# [Material for this task]
(* Let $(A,\mathfrak m)$ be a Cohen–Macaulay local ring of dimension $d\ge2$ with infinite residue field, let $x_1,\dots,x_d$ be an $A$-superficial sequence, $J=(x_1,\dots,x_d)$, and $(B,\mathfrak n)=(A/(x_1),\mathfrak m/(x_1))$. For an ideal $I$ of $A$ write $\overline I$ for its image in $B$. Since $\overline{\widetilde{\mathfrak m^i}}\subseteq\widetilde{\mathfrak n^i}$, there are natural maps $\eta_i:\widetilde{\mathfrak m^{i+1}}/J\widetilde{\mathfrak m^i}\to\widetilde{\mathfrak n^{i+1}}/\overline J\,\widetilde{\mathfrak n^i}$, $p+J\widetilde{\mathfrak m^i}\mapsto \overline p+\overline J\widetilde{\mathfrak n^i}$, for all $i\ge0$. Then: (1) if $\overline{\widetilde{\mathfrak m^s}}=\widetilde{\mathfrak n^s}$ for some $s$, then $\eta_s$ is injective; (2) if $\overline{\widetilde{\mathfrak m^j}}=\widetilde{\mathfrak n^j}$ for $j=s,s+1$, then $\eta_s$ is bijective.
   Context: An element $x\in\mathfrak m$ is $A$-superficial if there are $c,n_0$ with $(\mathfrak m^{n+1}:x)\cap\mathfrak m^c=\mathfrak m^n$ for all $n\ge n_0$; a sequence $x_1,\dots,x_r$ is $A$-superficial if $x_1$ is $A$-superficial and $x_i$ is $A/(x_1,\dots,x_{i-1})$-superficial for $i\ge2$. For a local ring $(R,\mathfrak q)$ of positive depth, the Ratliff–Rush closure is $\widetilde{\mathfrak q^i}=\bigcup_{k\ge1}(\mathfrak q^{i+k}:\mathfrak q^k)$ for $i\ge1$, with $\widetilde{\mathfrak q^0}=R$. *)

theory Defs
  imports "HOL-Algebra.Algebra"
begin

primrec ideal_pow :: "('a, 'b) ring_scheme \<Rightarrow> 'a set \<Rightarrow> nat \<Rightarrow> 'a set" where
  "ideal_pow R I 0 = carrier R"
| "ideal_pow R I (Suc n) = ideal_prod R I (ideal_pow R I n)"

# [Problem]
Exactly the lines from the one containing "theory Defs" through the end of the records should be reproduced, and no others.

# [Answer for this exercise]
theory Defs
  imports "HOL-Algebra.Algebra"
begin

primrec ideal_pow :: "('a, 'b) ring_scheme \<Rightarrow> 'a set \<Rightarrow> nat \<Rightarrow> 'a set" where
  "ideal_pow R I 0 = carrier R"
| "ideal_pow R I (Suc n) = ideal_prod R I (ideal_pow R I n)"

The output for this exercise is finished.